Increasing your range in Terraform

Day 1 Part 2

Continuing from my previous blog post where I solved the challenge of counting the amount of numbers who’s value is higher than it’s predecessor in a list. The next part of the challenge was to sum a sliding window of three values and count the number of sums that were higher than the predecessor.

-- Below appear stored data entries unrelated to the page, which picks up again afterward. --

text \<open>The w-closure only contains elements of the \<open>K\<close>-span, and \<open>J\<close> cannot provide this
  (\<open>{0} \<in> GV(D)\<close> when \<open>D\<close> is a field); the nonzero \<open>t\<^sub>0\<close> does.\<close>

lemma w_finite_if_scaled_into_w_finite:
  assumes L: "w_submodule D sc M L"
    and T: "finite T" "t\<^sub>0 \<in> T" "t\<^sub>0 \<noteq> 0" and J: "J \<in> GV D" "J \<subseteq> lspan D (*) T"
    and scaled: "\<forall>t\<in>T. \<exists>F. finite F \<and> F \<subseteq> L \<and> sc t ` L \<subseteq> w_closure D sc (lspan D sc F)"
  shows "w_finite D sc L"
proof -
  obtain Ft where Ft: "\<forall>t\<in>T. finite (Ft t) \<and> Ft t \<subseteq> L \<and> sc t ` L \<subseteq> w_closure D sc (lspan D sc (Ft t))"
    using scaled by (rule bchoice[THEN exE])
  define F where "F = (\<Union>t\<in>T. Ft t)"
  define N where "N = w_closure D sc (lspan D sc F)"
  have "finite F" "F \<subseteq> L"
    unfolding F_def using T(1) Ft by auto
  have sN: "submodule D sc N"
    unfolding N_def by (rule submodule_w_closure[OF vs submodule_lspan_D[OF vs]])
  have TN: "sc t x \<in> N" if "t \<in> T" "x \<in> L" for t x
  proof -
    have "w_closure D sc (lspan D sc (Ft t)) \<subseteq> N"
      unfolding N_def F_def using that(1) by (intro w_closure_mono lspan_mono) blast
    then show ?thesis
      using Ft that by blast
  qed
  have "L \<subseteq> N"
  proof
    fix x
    assume "x \<in> L"
    have "lspan D (*) T \<subseteq> {j. sc j x \<in> N}"
      using TN \<open>x \<in> L\<close> by (intro lspan_subset_submodule[OF submodule_multipliers[OF vs sN]]) blast
    then have "x \<in> w_closure D sc N"
      using in_w_closureI[OF vs T(3) TN[OF T(2) \<open>x \<in> L\<close>] J(1)] J(2) by blast
    then show "x \<in> N"
      unfolding N_def w_closure_idem[OF vs submodule_lspan_D[OF vs]] .
  qed
  then show ?thesis
    unfolding N_def by (rule w_finiteI[OF L \<open>finite F\<close> \<open>F \<subseteq> L\<close>])
qed

lemma S_w_finiteE:
  assumes "S_w_finite D sc S M L" and L: "w_submodule D sc M L"
  obtains s F where "s \<in> S" "finite F" "F \<subseteq> L" "sc s ` L \<subseteq> w_closure D sc (lspan D sc F)"
proof -
  obtain s F where s: "s \<in> S" "finite F" "sc s ` L \<subseteq> w_closure D sc (lspan D sc F)"
    and F_L: "w_closure D sc (lspan D sc F) \<subseteq> w_closure D sc L"
    using assms(1) unfolding S_w_finite_def by blast
  have "w_closure D sc L = L"
    using L unfolding w_submodule_def w_module_def by blast
  then have "F \<subseteq> L"
    using order_trans[OF subset_w_closure_lspan F_L] by simp
  then show thesis
    by (rule that[OF s(1,2) _ s(3)])
qed
lemma eta_eta:
  assumes q: "q \<noteq> 0" and f: "f \<in> SymLaurent k"
  shows "eta q k (eta q k f) = (\<lambda>x. eta_const q k ^ 2 * f x)"
proof (rule laurent_poly_eqI_torus)
  have ef: "eta q k f \<in> SymLaurent k" by (rule eta_SymLaurent[OF q f])
  show "laurent_poly k (eta q k (eta q k f))" "laurent_poly k (\<lambda>x. eta_const q k ^ 2 * f x)"
    using eta_SymLaurent[OF q ef] laurent_poly_lincomb[of k f f _ 0] f
    unfolding SymLaurent_def by auto
  fix x assume x: "torus k x"
  have "eta_monomial k x * eta_monomial k (inv_pt x) = 1"
    using x unfolding eta_monomial_def inv_pt_def torus_def
    by (simp add: prod.distrib[symmetric] power_mult_distrib[symmetric])
  moreover have "inv_pt (inv_pt x) = x" unfolding inv_pt_def by simp
  ultimately show "eta q k (eta q k f) x = eta_const q k ^ 2 * f x"
    unfolding eta_eq_numerator[OF q ef x] eta_numerator_def eta_eq_numerator[OF q f torus_inv_pt[OF x]]
    by (simp add: power2_eq_square mult_ac)
qed

lemma eta_lincomb:
  assumes q: "q \<noteq> 0" and f: "f \<in> SymLaurent k" and g: "g \<in> SymLaurent k"
  shows "eta q k (\<lambda>x. a * f x + b * g x) = (\<lambda>x. a * eta q k f x + b * eta q k g x)"
proof (rule eta_eqI[OF q SymLaurent_lincomb[OF f g] SymLaurent_lincomb])
  show "eta q k f \<in> SymLaurent k" "eta q k g \<in> SymLaurent k"
    using eta_SymLaurent q f g by auto
  fix x assume "torus k x"
  then show "a * eta q k f x + b * eta q k g x = eta_numerator q k (\<lambda>x. a * f x + b * g x) x"
    using eta_eq_numerator[OF q f] eta_eq_numerator[OF q g]
    by (simp add: eta_numerator_def algebra_simps)
qed

lemma eta_add:
  "q \<noteq> 0 \<Longrightarrow> f \<in> SymLaurent k \<Longrightarrow> g \<in> SymLaurent k \<Longrightarrow>
    eta q k (\<lambda>x. f x + g x) = (\<lambda>x. eta q k f x + eta q k g x)"
  using eta_lincomb[of q f k g 1 1] by simp

lemma eta_scale:
  "q \<noteq> 0 \<Longrightarrow> f \<in> SymLaurent k \<Longrightarrow> eta q k (\<lambda>x. c * f x) = (\<lambda>x. c * eta q k f x)"
  using eta_lincomb[of q f k f c 0] by simp

definition eta_inv :: "complex \<Rightarrow> nat \<Rightarrow> fn \<Rightarrow> fn" where
  "eta_inv q k h = (\<lambda>x. inverse (eta_const q k ^ 2) * eta q k h x)"

lemma eta_inv_SymLaurent:
  assumes q: "q \<noteq> 0" and h: "h \<in> SymLaurent k"
  shows "eta_inv q k h \<in> SymLaurent k"
  using SymLaurent_lincomb[OF eta_SymLaurent[OF q h] eta_SymLaurent[OF q h], of _ 0]
  unfolding eta_inv_def by simp

lemma eta_inv_eta:
  assumes q: "q \<noteq> 0" and f: "f \<in> SymLaurent k"
  shows "eta_inv q k (eta q k f) = f"
  using eta_const_neq_0[OF q] unfolding eta_inv_def eta_eta[OF q f] by (simp add: fun_eq_iff)

lemma eta_eta_inv:
  assumes q: "q \<noteq> 0" and h: "h \<in> SymLaurent k"
  shows "eta q k (eta_inv q k h) = h"
  using eta_const_neq_0[OF q]
  unfolding eta_inv_def eta_scale[OF q eta_SymLaurent[OF q h]] eta_eta[OF q h] by (simp add: fun_eq_iff)
definition converges_at_infinity :: "('a \<Rightarrow> 'a \<Rightarrow> real) \<Rightarrow> 'a \<Rightarrow> (nat \<Rightarrow> 'a) \<Rightarrow> bool" where
  "converges_at_infinity d e x \<longleftrightarrow>
     (\<forall>R. \<exists>n0. \<forall>i\<ge>n0. \<forall>j\<ge>n0. gromov_product d e (x i) (x j) \<ge> R)"

definition equiv_at_infinity :: "('a \<Rightarrow> 'a \<Rightarrow> real) \<Rightarrow> 'a \<Rightarrow> (nat \<Rightarrow> 'a) \<Rightarrow> (nat \<Rightarrow> 'a) \<Rightarrow> bool" where
  "equiv_at_infinity d e x y \<longleftrightarrow>
     (\<forall>R. \<exists>n0. \<forall>i\<ge>n0. \<forall>j\<ge>n0. gromov_product d e (x i) (y j) \<ge> R)"

definition stratum_seqs_at_infinity :: "'a set \<Rightarrow> ('a \<Rightarrow> 'a \<Rightarrow> real) \<Rightarrow> (real \<Rightarrow> real \<Rightarrow> real) \<Rightarrow> 'a \<Rightarrow> (nat \<Rightarrow> 'a) set" where
  "stratum_seqs_at_infinity M d N e =
     {x. range x \<subseteq> morse_stratum M d N e \<and> converges_at_infinity d e x}"

definition morse_boundary :: "'a set \<Rightarrow> ('a \<Rightarrow> 'a \<Rightarrow> real) \<Rightarrow> (real \<Rightarrow> real \<Rightarrow> real) \<Rightarrow> 'a \<Rightarrow> (nat \<Rightarrow> 'a) set set" where
  "morse_boundary M d N e =
     {{y\<in>stratum_seqs_at_infinity M d N e. equiv_at_infinity d e x y} | x.
        x \<in> stratum_seqs_at_infinity M d N e}"

definition segs_converge_to_ray :: "('a \<Rightarrow> 'a \<Rightarrow> real) \<Rightarrow> (nat \<Rightarrow> real) \<Rightarrow> (nat \<Rightarrow> real \<Rightarrow> 'a) \<Rightarrow> (real \<Rightarrow> 'a) \<Rightarrow> bool" where
  "segs_converge_to_ray d L p r \<longleftrightarrow>
     (\<forall>T\<ge>0. \<forall>\<epsilon>>0. \<exists>n0. \<forall>n\<ge>n0. T \<le> L n \<and> (\<forall>t\<in>{0..T}. d (p n t) (r t) < \<epsilon>))"

definition segs_converge_to_line :: "('a \<Rightarrow> 'a \<Rightarrow> real) \<Rightarrow> (nat \<Rightarrow> real) \<Rightarrow> (nat \<Rightarrow> real) \<Rightarrow> (nat \<Rightarrow> real \<Rightarrow> 'a) \<Rightarrow> (real \<Rightarrow> 'a) \<Rightarrow> bool" where
  "segs_converge_to_line d A B g g0 \<longleftrightarrow>
     (\<forall>T\<ge>0. \<forall>\<epsilon>>0. \<exists>n0. \<forall>n\<ge>n0. A n \<le> -T \<and> T \<le> B n \<and> (\<forall>t\<in>{-T..T}. d (g n t) (g0 t) < \<epsilon>))"

definition limit_geodesic :: "'a set \<Rightarrow> ('a \<Rightarrow> 'a \<Rightarrow> real) \<Rightarrow> (real \<Rightarrow> real \<Rightarrow> real) \<Rightarrow> 'a \<Rightarrow>
    (nat \<Rightarrow> 'a) set \<Rightarrow> (nat \<Rightarrow> 'a) set \<Rightarrow> (real \<Rightarrow> 'a) \<Rightarrow> bool" where
  "limit_geodesic M d N e Lm Lp g0 \<longleftrightarrow>
     (\<exists>x y \<alpha> \<beta> \<phi> rx ry A B g \<psi>.
        x \<in> Lm \<and> y \<in> Lp \<and>
        (\<forall>n. morse_geodesic_from M d N e (x n) (\<alpha> n)) \<and>
        (\<forall>n. morse_geodesic_from M d N e (y n) (\<beta> n)) \<and>
        strict_mono \<phi> \<and>
        geodesic_ray M d rx e \<and> geodesic_ray M d ry e \<and>
        segs_converge_to_ray d (\<lambda>n. d e (x (\<phi> n))) (\<lambda>n. \<alpha> (\<phi> n)) rx \<and>
        segs_converge_to_ray d (\<lambda>n. d e (y (\<phi> n))) (\<lambda>n. \<beta> (\<phi> n)) ry \<and>
        (\<forall>n. geodesic_segment M d (A n) (B n) (g n) (rx (real n)) (ry (real n))) \<and>
        strict_mono \<psi> \<and>
        biinfinite_geodesic M d g0 \<and>
        segs_converge_to_line d (\<lambda>n. A (\<psi> n)) (\<lambda>n. B (\<psi> n)) (\<lambda>n. g (\<psi> n)) g0)"

definition mhausdist :: "('a \<Rightarrow> 'a \<Rightarrow> real) \<Rightarrow> 'a set \<Rightarrow> 'a set \<Rightarrow> ereal" where
  "mhausdist d S T = max (SUP s\<in>S. INF t\<in>T. ereal (d s t)) (SUP t\<in>T. INF s\<in>S. ereal (d s t))"

end

theory Submission
  imports Defs
begin

text \<open>
  Fix a point p = g t of one limit geodesic. Near p, g is approximated by a geodesic segment h
  between points within 1 of a T and b T, where a, b are N-Morse geodesics from e towards the two
  boundary points; likewise g' is approximated by a segment h' with endpoints near a' m, b' m,
  where m is large compared with d e p and T is larger still.

  The geometric core: if h up is the point of a geodesic h closest to e, then [e, h up] followed
  by h back to an endpoint is a (3,1)-quasigeodesic, so if that endpoint is near an N-Morse
  geodesic a from e, this part of h stays within N 3 1 + 1 of a. Consequently each point of h lies
  near a at (roughly) its own distance from e, two N-Morse geodesics from e fellow-travel up to their
  Gromov product, representatives of the same boundary point therefore have eventually
  8 (N 3 1 + 1)-fellow-travelling Morse geodesics, and h' sweeps along a' beyond its own closest
  point. Chaining these estimates puts p within 23 (N 3 1 + 1) + 7 of g', a bound depending on N
  alone. Properness and the distinctness of the two boundary points only serve to make limit
  geodesics exist; the bound does not use them.
\<close>

section \<open>Geodesics and Gromov products\<close>

lemma geodesic_on_dist: "geodesic_on M d I p \<Longrightarrow> s \<in> I \<Longrightarrow> t \<in> I \<Longrightarrow> d (p s) (p t) = \<bar>s - t\<bar>"
  unfolding geodesic_on_def by blast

My strategy for approaching this was first to identify the start index of each window, sum each each window, then find which sums are increments compared to the one before.

Counting the windows

The first part of this strategy appears easy enough by finding the length of the input, subtracting two as there will be two less windows than number of entries in the list, then making use of the range function to create a new list containing just the start indices of each window.

  
  window_start_indexes = range(length(local.input_as_number_list) - 2)
  

Using the example input this results in the following list

  
  0
  1
  2
  3
  4
  5
  6
  7

Sum the windows

Now I can use a for expression to iterate over the list of start indexes, lookup the corresponding value in the input list, and the two following values and sum them into a new list, like so;

  
  window_sums = [for i in local.window_start_indexes : sum([
    local.input_as_number_list[i],
    local.input_as_number_list[i + 1],
    local.input_as_number_list[i + 2],
  ])]
  

Rinse and repeat

At this point I now have a new list of numbers and can run the same logic on it as I did for the first part;

  
  window_increased_or_not = [for i, v in local.window_sums :
    i == 0 ? "" : (v - local.window_sums[i - 1] > 0 ? "increased" : "")
  ]
  output_2 = length(compact(local.window_increased_or_not))

Computer says no

While my solution worked fine on the small example input, when I tested on the real input file terraform gave me a little surprise;

  
  $ terraform refresh
  ╷
  │ Error: Error in function call
  │ 
  │   on main.tf line 20, in locals:
  │   20:   window_start_indexes = range(length(local.input_as_number_list) - 2)
  │     ├────────────────
  │     │ local.input_as_number_list is tuple with 2000 elements
  │ 
  │ Call to function "range" failed: more than 1024 values were generated; either decrease the difference between start and end
  │ or use a smaller step.
  ╵

Investigating the documentation it says

Terraform imposes an artificial limit of 1024 numbers in the resulting sequence in order to avoid unbounded memory usage

Which is unfortunate as the input file contains 2000 numbers so I need a list of 1998 start indices.

But wait, there’s more!

While this artificial limit makes sense to implement, it was quite confusing to stumble upon in the moment, as I already have a list containing 2000 numbers in memory from the parsing of the file. Why shouldn’t I be able to generate a list with 1998 numbers?

This realisation got me wondering if I can use the existing list to generate the start index list instead of using the range function. So first I use slice to create a list containing only the first 1998 values;

  
  window_start_values = slice(
    local.input_as_number_list,
    0,
    length(local.input_as_number_list) - 2
  )

But I only want the indexes, not the actual values. I can use another for expression for that, only returning the index for each value;

  
  window_start_indexes = [for i, v in local.window_start_values : i]

We’re back in business

With that last change Terraform finally spits out the correct answers

$ terraform refresh
╷
│ Warning: Empty or non-existent state
│ 
│ There are currently no resources tracked in the state, so there is nothing to refresh.
╵

Outputs:

output_1 = 1139
output_2 = 1103

I’m not sure how useful this trick will be in the future, but it was fun to break out of the artificial limits imposed by Terraform’s range function.